Ora Netanyahu se la vede con Hamas in un contesto che lui ritiene quasi perfetto. Il Presidente Donald Trump sta apertamente sostenendo la pulizia etnica a Gaza. L’opinione pubblica occidentale è stanca di sentire parlare di sofferenza palestinese. I manifestanti pro-palestinesi vengono cacciati dai campus americani, se non dall’America stessa.
I fedelissimi di Netanyahu, dal ministro della Difesa Israel Katz al Capo di Stato Maggiore dell’Idf Eyal Zamir, e i veterani che si sono allineati con il loro capo, come il capo del Mossad e il comandante dell’aeronautica, ora controllano la maggior parte dell’establishment della sicurezza di Israele.
L’Idf agisce senza troppi vincoli legali o morali, uccidendo decine di palestinesi ogni giorno e vantandosi del crescente numero di vittime come forma di “pressione militare”. Solo quando il New York Times ha denunciato un chiaro crimine di guerra – il massacro di un’équipe medica palestinese a Rafah – l’esercito ha parzialmente ritrattato le sue bugie e ha licenziato un ufficiale di basso rango.
Eppure, anche in queste condizioni favorevoli, Israele è ben lontano dallo sconfiggere Hamas. Il crollo di Hezbollah e la caduta del regime di Assad in Siria, che insieme hanno tenuto tranquillo il fronte settentrionale dallo scorso autunno, non hanno cambiato l’equilibrio di potere sul confine meridionale di Israele. Hamas resta saldamente al comando a Gaza, rafforzandosi sempre di più e tenendo ancora ostaggi israeliani, mentre l’Idf si affanna in operazioni che non portano a nulla.
Invece di unire l’opinione pubblica israeliana con un nuovo sforzo militare senza fine che ha fatto crollare il cessate il fuoco di febbraio con Hamas, Netanyahu ora deve affrontare un’opposizione interna che sta crescendo. Il suo appello a sacrificare gli ostaggi in cambio dell’espulsione dei palestinesi da Gaza (“attuare la visione di Trump”) non è riuscito a entusiasmare l’opinione pubblica al di là della sua base di zelanti fedelissimi.

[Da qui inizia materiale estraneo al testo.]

lemma Hmin_feasible_mix:
  fixes \<rho> \<tau> :: "complex^('a::finite \<times> 'b::finite)^('a \<times> 'b)"
  assumes l: "l \<in> Hmin_feasible \<rho>" and \<omega>: "psd \<omega>" and dom: "psd (id_tensor \<omega> - (\<tau> - \<rho>))"
  shows "- log 2 (2 powr (-l) + Re (trace \<omega>)) \<in> Hmin_feasible \<tau>"
proof -
  obtain \<sigma> :: "complex^'b^'b" where \<sigma>: "norm_state \<sigma>"
    and dom_\<sigma>: "psd ((2 powr (-l)) *\<^sub>R (id_tensor \<sigma> :: complex^('a \<times> 'b)^('a \<times> 'b)) - \<rho>)"
    using l by (auto simp: Hmin_feasible_def)
  define c where "c = 2 powr (-l) + Re (trace \<omega>)"
  have "c > 0"
    using psd_trace_nonneg[OF \<omega>] by (simp add: c_def add_pos_nonneg)
  define \<sigma>' where "\<sigma>' = (1 / c) *\<^sub>R ((2 powr (-l)) *\<^sub>R \<sigma> + \<omega>)"
  have "norm_state \<sigma>'"
    unfolding norm_state_def
  proof
    show "psd \<sigma>'"
      using \<sigma> \<omega> \<open>c > 0\<close> by (simp add: \<sigma>'_def norm_state_def psd_scaleR psd_add)
    have "trace \<sigma>' = of_real (1 / c) * (of_real (2 powr (-l)) * 1 + of_real (Re (trace \<omega>)))"
      using \<sigma> psd_trace_real[OF \<omega>] by (simp add: \<sigma>'_def trace_scaleR trace_add norm_state_def)
    also have "\<dots> = of_real (1 / c) * of_real c"
      by (simp add: c_def)
    also have "\<dots> = 1"
      using \<open>c > 0\<close> by (simp flip: of_real_mult)
    finally show "trace \<sigma>' = 1" .
  qed
  moreover have "c *\<^sub>R (id_tensor \<sigma>' :: complex^('a \<times> 'b)^('a \<times> 'b)) - \<tau> =
      ((2 powr (-l)) *\<^sub>R id_tensor \<sigma> - \<rho>) + (id_tensor \<omega> - (\<tau> - \<rho>))"
    using \<open>c > 0\<close> by (simp add: \<sigma>'_def id_tensor_scaleR id_tensor_add algebra_simps)
  then have "psd (c *\<^sub>R (id_tensor \<sigma>' :: complex^('a \<times> 'b)^('a \<times> 'b)) - \<tau>)"
    using psd_add[OF dom_\<sigma> dom] by (simp only:)
  moreover have "2 powr (- (- log 2 c)) = c"
    using \<open>c > 0\<close> by simp
  ultimately show ?thesis
    unfolding Hmin_feasible_def c_def[symmetric] by auto
qed

lemma log2_mix_le:
  fixes l t :: real
  assumes "0 \<le> t"
  shows "l - (- log 2 (2 powr (-l) + t)) \<le> 2 powr l * t / ln 2"
proof -
  have "0 < 2 powr (-l) + t"
    using assms by (simp add: add_pos_nonneg)
  then have "l - (- log 2 (2 powr (-l) + t)) = log 2 (2 powr l * (2 powr (-l) + t))"
    by (simp add: log_mult)
  also have "\<dots> = ln (1 + 2 powr l * t) / ln 2"
    by (simp add: log_def distrib_left powr_minus)
  also have "\<dots> \<le> 2 powr l * t / ln 2"
    using assms by (intro divide_right_mono ln_add_one_self_le_self) auto
  finally show ?thesis .
qed

lemma Hmin_diff_le_pos_part:
  fixes \<rho> \<tau> :: "complex^('a::finite \<times> 'b::finite)^('a \<times> 'b)"
  assumes \<rho>: "subnorm_state \<rho>" and \<tau>: "subnorm_state \<tau>"
  shows "Hmin \<rho> - Hmin \<tau> \<le> real CARD('a) * real (min CARD('a) CARD('b)) * Re (trace (pos_part (\<tau> - \<rho>)))
    / (ln 2 * Re (trace \<rho>))"
    (is "_ \<le> ?R")
proof -
  have psd: "psd \<rho>" "psd \<tau>" and tr: "0 < Re (trace \<rho>)" "0 < Re (trace \<tau>)"
    using \<rho> \<tau> by (auto simp: subnorm_state_def)
  define P where "P = pos_part (\<tau> - \<rho>)"
  have P: "psd P" "psd (P - (\<tau> - \<rho>))"
    unfolding P_def using psd by (simp_all add: pos_part_psd hermitian_diff psd_hermitian)
  obtain \<omega> :: "complex^'b^'b" where \<omega>: "psd \<omega>" "psd (id_tensor \<omega> - P)"
    and tr_\<omega>: "Re (trace \<omega>) = real (min CARD('a) CARD('b)) * Re (trace P)"
    using id_tensor_dominating[OF P(1)] by blast
  have dom: "psd (id_tensor \<omega> - (\<tau> - \<rho>))"
    using \<omega>(2) P(2) by (rule psd_diff_trans)
  have "l \<le> Hmin \<tau> + ?R" if l: "l \<in> Hmin_feasible \<rho>" for l
  proof -
    have "- log 2 (2 powr (-l) + Re (trace \<omega>)) \<le> Hmin \<tau>"
      unfolding Hmin_eq_Sup using Hmin_feasible_mix[OF l \<omega>(1) dom] bdd_above_Hmin_feasible[OF tr(2)]
      by (rule cSup_upper)
    moreover have "l - (- log 2 (2 powr (-l) + Re (trace \<omega>))) \<le> 2 powr l * Re (trace \<omega>) / ln 2"
      using psd_trace_nonneg[OF \<omega>(1)] by (rule log2_mix_le)
    moreover have "2 powr l * Re (trace \<omega>) / ln 2 \<le> real CARD('a) / Re (trace \<rho>) * Re (trace \<omega>) / ln 2"
      using Hmin_feasible_bound[OF l] tr(1) psd_trace_nonneg[OF \<omega>(1)]
      by (intro divide_right_mono mult_right_mono) (simp_all add: le_divide_eq)
    moreover have "real CARD('a) / Re (trace \<rho>) * Re (trace \<omega>) / ln 2 = ?R"
      by (simp add: tr_\<omega> P_def mult_ac)
    ultimately show ?thesis
      by linarith
  qed
  then have "Hmin \<rho> \<le> Hmin \<tau> + ?R"
    unfolding Hmin_eq_Sup[of \<rho>] by (intro cSup_least Hmin_feasible_nonempty psd tr)
  then show ?thesis
    by simp
qed

lemma Hmin_diff_le:
  fixes \<rho> \<tau> :: "complex^('a::finite \<times> 'b::finite)^('a \<times> 'b)"
  assumes \<rho>: "subnorm_state \<rho>" and \<tau>: "subnorm_state \<tau>"
  shows "Hmin \<rho> - Hmin \<tau> \<le> real CARD('a) * real (min CARD('a) CARD('b)) * gen_trace_dist \<rho> \<tau>
    / (ln 2 * min (Re (trace \<rho>)) (Re (trace \<tau>)))"
proof -
  define C where "C = real CARD('a) * real (min CARD('a) CARD('b))"
  define \<delta> where "\<delta> = Re (trace (pos_part (\<tau> - \<rho>)))"
  have "0 \<le> \<delta>"
    using \<rho> \<tau> unfolding \<delta>_def subnorm_state_def
    by (intro psd_trace_nonneg pos_part_psd hermitian_diff psd_hermitian) auto
  moreover have "\<delta> \<le> gen_trace_dist \<rho> \<tau>"
    by (simp add: \<delta>_def gen_trace_dist_def)
  moreover have "0 < min (Re (trace \<rho>)) (Re (trace \<tau>))"
    using \<rho> \<tau> by (simp add: subnorm_state_def)
  ultimately have "C * \<delta> / (ln 2 * Re (trace \<rho>)) \<le>
      C * gen_trace_dist \<rho> \<tau> / (ln 2 * min (Re (trace \<rho>)) (Re (trace \<tau>)))"
    by (intro frac_le mult_left_mono mult_nonneg_nonneg) (simp_all add: C_def)
  with Hmin_diff_le_pos_part[OF \<rho> \<tau>] show ?thesis
    by (simp add: C_def \<delta>_def)
qed

theorem lemma11:
  fixes \<rho> \<tau> :: "complex^('a::finite \<times> 'b::finite)^('a \<times> 'b)"
  assumes "subnorm_state \<rho>" and "subnorm_state \<tau>"
  shows "\<bar>Hmin \<rho> - Hmin \<tau>\<bar> \<le>
    real CARD('a) * real (min CARD('a) CARD('b)) * gen_trace_dist \<rho> \<tau>
      / (ln 2 * min (Re (trace \<rho>)) (Re (trace \<tau>)))"
proof -
  have "gen_trace_dist \<tau> \<rho> = gen_trace_dist \<rho> \<tau>"
    by (simp add: gen_trace_dist_def max.commute)
  then show ?thesis
    using Hmin_diff_le[OF assms] Hmin_diff_le[OF assms(2,1)]
    by (simp add: abs_le_iff min.commute)
qed

end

Migliaia di riservisti hanno firmato petizioni che chiedono la fine della guerra, mentre molti altri si sottraggono tranquillamente al servizio di riserva o addirittura al servizio di leva. La loro protesta non è mica dovuta a un senso di colpa improvviso per i palestinesi o a un riconoscimento che Netanyahu è ossessionato dalla sua sopravvivenza politica. È piuttosto il fallimento nel raggiungere gli obiettivi dichiarati della guerra: la distruzione di Hamas, la liberazione degli ostaggi e la ricostruzione delle comunità di confine di Israele devastate.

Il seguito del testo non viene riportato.